| WHAT TO PRODUCE |
Based on the listing below, report how many lines contain the word "odds". Nothing but the number, please.

| EXERCISE MATERIAL |
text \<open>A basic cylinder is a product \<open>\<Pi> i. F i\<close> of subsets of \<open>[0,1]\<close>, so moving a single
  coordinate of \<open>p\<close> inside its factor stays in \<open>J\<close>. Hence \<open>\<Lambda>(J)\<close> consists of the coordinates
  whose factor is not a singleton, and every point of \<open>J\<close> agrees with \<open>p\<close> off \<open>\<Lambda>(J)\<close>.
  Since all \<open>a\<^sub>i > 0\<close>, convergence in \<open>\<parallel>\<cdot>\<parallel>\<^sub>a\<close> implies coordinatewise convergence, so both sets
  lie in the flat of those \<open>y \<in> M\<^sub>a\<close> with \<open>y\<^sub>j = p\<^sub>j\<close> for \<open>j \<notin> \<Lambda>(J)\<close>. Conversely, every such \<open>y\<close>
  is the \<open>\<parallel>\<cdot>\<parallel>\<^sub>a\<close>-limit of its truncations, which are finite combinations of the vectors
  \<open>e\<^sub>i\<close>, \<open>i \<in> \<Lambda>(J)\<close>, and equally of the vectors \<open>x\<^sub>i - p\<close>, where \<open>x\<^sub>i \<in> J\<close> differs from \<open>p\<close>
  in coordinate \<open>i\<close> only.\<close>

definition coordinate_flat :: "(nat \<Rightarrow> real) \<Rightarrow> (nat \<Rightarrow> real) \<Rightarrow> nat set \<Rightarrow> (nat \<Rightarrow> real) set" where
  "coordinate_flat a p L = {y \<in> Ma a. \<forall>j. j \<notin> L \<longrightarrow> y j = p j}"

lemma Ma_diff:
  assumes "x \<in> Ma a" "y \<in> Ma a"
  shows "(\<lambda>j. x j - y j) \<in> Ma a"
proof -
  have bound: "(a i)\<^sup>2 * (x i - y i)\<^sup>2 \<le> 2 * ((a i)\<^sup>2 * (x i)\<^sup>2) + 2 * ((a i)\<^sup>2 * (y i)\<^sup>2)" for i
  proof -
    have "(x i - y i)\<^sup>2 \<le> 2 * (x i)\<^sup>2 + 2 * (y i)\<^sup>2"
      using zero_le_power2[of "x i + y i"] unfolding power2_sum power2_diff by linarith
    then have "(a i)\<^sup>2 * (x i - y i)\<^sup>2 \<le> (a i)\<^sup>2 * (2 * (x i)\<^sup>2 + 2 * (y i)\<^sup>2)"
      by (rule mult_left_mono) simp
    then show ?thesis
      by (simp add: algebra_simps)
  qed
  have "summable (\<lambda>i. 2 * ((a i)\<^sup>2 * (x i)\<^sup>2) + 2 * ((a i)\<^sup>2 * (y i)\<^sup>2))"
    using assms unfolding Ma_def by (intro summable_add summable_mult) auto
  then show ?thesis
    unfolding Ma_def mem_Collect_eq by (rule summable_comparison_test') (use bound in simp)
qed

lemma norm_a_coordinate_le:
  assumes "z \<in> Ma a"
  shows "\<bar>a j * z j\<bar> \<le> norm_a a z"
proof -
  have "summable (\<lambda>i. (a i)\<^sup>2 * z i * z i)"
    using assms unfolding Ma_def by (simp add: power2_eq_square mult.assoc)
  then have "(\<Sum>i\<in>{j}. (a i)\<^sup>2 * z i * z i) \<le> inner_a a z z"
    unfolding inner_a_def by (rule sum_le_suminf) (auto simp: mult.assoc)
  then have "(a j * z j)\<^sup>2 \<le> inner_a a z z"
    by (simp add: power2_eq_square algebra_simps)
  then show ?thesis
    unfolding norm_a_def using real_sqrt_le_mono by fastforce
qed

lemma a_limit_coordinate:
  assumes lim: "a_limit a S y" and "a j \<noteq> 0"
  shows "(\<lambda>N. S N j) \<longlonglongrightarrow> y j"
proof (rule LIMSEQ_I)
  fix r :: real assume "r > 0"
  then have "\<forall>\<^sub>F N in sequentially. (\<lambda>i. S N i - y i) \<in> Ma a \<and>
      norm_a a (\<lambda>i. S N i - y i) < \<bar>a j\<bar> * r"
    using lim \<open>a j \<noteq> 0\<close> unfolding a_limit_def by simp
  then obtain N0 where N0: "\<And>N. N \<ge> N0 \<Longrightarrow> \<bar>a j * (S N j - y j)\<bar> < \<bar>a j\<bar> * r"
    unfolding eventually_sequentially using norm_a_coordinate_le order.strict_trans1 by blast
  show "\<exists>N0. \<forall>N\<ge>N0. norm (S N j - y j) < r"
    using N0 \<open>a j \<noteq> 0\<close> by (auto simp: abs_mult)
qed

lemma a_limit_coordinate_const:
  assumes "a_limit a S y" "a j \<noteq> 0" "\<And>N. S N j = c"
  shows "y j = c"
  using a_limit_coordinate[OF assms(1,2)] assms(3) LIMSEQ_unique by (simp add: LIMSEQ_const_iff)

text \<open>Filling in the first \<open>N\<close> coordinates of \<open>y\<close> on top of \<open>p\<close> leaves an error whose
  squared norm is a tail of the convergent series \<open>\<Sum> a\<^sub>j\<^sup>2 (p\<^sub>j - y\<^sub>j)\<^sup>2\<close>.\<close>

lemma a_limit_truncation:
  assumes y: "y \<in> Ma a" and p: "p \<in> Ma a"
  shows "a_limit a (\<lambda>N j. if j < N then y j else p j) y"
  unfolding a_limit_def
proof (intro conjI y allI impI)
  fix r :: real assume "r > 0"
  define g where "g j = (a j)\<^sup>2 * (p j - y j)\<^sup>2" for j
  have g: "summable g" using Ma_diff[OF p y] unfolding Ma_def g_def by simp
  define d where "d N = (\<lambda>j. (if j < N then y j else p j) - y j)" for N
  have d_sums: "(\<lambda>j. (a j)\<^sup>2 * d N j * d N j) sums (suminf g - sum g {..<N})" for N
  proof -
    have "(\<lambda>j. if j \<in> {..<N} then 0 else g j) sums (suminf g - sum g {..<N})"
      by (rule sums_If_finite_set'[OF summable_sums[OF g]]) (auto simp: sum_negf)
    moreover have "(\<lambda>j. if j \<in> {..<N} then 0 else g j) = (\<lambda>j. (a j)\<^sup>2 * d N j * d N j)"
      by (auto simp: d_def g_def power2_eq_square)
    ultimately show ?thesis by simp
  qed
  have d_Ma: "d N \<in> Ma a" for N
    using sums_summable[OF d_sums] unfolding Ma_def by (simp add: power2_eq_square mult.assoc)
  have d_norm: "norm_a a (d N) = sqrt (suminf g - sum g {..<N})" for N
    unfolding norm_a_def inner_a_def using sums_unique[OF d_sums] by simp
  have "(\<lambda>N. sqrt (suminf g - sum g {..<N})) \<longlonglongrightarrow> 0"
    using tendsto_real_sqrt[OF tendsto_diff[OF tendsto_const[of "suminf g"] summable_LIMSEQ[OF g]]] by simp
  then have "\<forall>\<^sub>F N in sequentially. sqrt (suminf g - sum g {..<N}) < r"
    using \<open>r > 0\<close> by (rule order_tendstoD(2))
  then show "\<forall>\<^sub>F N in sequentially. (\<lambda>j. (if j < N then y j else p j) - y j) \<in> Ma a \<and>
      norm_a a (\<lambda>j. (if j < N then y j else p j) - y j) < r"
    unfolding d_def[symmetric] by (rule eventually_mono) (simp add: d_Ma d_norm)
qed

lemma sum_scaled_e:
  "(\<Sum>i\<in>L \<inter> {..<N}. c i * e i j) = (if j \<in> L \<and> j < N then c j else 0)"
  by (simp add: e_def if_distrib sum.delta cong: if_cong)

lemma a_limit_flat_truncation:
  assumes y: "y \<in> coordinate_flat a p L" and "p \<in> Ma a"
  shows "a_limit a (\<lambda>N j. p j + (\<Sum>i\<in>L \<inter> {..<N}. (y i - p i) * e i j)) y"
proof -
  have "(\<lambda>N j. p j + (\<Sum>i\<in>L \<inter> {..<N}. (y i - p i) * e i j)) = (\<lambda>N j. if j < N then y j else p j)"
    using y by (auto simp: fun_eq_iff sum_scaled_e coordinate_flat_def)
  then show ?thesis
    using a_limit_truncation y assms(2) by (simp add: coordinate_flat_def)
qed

---

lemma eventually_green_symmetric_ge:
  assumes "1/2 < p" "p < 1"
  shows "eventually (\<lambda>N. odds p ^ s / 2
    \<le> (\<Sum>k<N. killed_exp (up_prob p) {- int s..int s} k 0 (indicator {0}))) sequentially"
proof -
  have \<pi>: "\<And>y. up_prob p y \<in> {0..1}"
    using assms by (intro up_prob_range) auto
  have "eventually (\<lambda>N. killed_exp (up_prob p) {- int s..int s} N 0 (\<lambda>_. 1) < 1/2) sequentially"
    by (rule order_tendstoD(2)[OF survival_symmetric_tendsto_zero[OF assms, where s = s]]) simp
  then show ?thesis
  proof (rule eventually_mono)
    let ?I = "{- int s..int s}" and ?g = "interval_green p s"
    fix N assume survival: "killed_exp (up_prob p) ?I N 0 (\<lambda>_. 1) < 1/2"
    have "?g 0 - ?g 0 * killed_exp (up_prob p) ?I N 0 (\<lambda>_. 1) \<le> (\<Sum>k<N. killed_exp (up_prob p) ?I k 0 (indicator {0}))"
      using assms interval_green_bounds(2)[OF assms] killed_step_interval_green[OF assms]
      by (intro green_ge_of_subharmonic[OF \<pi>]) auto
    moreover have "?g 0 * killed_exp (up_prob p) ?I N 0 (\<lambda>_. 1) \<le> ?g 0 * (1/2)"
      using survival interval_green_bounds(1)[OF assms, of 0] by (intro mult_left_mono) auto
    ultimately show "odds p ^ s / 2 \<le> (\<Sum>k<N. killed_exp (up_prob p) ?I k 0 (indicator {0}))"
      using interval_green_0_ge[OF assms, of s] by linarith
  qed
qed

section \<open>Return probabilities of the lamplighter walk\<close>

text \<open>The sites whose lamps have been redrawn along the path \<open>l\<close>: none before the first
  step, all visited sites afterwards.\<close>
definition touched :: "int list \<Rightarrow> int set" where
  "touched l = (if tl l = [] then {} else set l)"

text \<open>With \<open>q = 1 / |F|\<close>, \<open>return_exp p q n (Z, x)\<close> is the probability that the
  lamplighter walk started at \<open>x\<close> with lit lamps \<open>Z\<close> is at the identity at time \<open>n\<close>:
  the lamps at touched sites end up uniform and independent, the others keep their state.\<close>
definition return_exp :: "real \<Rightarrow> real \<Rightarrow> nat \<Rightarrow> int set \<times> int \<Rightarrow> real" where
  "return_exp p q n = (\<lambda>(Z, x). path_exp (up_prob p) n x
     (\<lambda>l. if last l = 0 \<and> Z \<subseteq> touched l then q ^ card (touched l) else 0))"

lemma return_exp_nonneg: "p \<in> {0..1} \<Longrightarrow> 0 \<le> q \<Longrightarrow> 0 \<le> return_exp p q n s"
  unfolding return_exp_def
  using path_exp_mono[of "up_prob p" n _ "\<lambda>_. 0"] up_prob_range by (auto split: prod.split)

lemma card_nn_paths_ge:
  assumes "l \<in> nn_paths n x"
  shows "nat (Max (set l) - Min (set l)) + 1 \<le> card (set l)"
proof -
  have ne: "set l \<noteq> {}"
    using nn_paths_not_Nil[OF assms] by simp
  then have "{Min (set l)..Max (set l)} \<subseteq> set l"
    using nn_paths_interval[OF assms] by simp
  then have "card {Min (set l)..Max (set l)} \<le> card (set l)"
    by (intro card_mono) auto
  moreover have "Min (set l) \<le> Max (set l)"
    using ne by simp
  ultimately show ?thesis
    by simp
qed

--

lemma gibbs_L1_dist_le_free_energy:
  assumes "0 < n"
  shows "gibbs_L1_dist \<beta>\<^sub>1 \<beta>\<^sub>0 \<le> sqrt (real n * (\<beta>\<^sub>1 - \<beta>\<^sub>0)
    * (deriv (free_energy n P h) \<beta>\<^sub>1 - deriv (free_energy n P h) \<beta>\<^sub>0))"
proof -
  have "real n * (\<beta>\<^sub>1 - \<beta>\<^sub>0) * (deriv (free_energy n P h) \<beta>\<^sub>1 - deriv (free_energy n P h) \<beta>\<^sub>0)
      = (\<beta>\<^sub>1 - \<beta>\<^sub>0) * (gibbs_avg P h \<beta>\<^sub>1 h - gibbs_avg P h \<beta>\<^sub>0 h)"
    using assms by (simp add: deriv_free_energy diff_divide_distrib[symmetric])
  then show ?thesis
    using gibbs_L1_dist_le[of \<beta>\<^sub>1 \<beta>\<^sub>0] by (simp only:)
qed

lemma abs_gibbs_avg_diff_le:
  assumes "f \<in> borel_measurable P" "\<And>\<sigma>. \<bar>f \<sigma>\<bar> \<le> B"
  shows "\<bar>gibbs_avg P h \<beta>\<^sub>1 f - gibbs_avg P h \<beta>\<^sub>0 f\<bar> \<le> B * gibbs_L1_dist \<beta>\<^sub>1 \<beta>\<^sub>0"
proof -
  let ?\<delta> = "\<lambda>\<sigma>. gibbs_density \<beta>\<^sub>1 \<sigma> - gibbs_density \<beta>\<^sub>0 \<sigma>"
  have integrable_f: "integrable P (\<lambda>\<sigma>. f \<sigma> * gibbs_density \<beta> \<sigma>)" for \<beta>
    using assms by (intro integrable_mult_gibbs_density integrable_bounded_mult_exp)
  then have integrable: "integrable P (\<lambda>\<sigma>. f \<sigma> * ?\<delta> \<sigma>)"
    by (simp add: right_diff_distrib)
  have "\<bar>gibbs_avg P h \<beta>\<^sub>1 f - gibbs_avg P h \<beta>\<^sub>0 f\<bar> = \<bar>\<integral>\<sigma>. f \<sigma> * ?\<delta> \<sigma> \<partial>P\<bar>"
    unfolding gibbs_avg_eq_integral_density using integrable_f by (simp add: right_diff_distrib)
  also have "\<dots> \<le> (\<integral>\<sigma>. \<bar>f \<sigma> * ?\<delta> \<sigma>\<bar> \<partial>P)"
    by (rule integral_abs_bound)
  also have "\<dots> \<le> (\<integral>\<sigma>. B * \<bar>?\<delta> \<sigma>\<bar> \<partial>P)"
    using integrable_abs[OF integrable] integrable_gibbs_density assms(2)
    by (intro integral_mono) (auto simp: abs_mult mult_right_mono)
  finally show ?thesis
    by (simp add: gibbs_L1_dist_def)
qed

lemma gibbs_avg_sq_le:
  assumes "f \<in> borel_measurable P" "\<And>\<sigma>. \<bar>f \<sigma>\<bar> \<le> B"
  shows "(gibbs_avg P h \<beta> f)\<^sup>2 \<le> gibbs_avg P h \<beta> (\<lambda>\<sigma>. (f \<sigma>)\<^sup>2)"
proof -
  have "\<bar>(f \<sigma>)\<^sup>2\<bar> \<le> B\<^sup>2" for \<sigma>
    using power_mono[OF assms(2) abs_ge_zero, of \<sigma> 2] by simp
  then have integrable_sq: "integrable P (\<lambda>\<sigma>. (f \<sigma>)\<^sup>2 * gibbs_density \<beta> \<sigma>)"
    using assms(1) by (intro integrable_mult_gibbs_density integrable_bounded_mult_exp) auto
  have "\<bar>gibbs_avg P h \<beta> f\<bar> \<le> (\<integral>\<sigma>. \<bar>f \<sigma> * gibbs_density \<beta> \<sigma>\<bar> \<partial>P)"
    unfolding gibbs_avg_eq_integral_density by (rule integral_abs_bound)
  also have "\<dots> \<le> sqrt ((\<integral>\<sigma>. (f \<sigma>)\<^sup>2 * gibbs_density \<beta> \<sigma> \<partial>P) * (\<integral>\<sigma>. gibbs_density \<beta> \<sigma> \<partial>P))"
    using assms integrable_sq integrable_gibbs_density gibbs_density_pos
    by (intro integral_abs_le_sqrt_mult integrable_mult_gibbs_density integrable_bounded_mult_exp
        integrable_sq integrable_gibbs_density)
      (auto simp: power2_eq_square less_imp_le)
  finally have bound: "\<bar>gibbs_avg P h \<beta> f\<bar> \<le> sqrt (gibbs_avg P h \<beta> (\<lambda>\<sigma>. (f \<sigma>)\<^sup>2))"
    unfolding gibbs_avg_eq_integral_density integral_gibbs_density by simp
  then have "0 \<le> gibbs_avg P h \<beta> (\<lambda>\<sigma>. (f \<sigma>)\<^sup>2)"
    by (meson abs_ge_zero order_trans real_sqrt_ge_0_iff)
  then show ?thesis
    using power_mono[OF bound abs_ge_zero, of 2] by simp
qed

| SOLVED PROBLEM |
2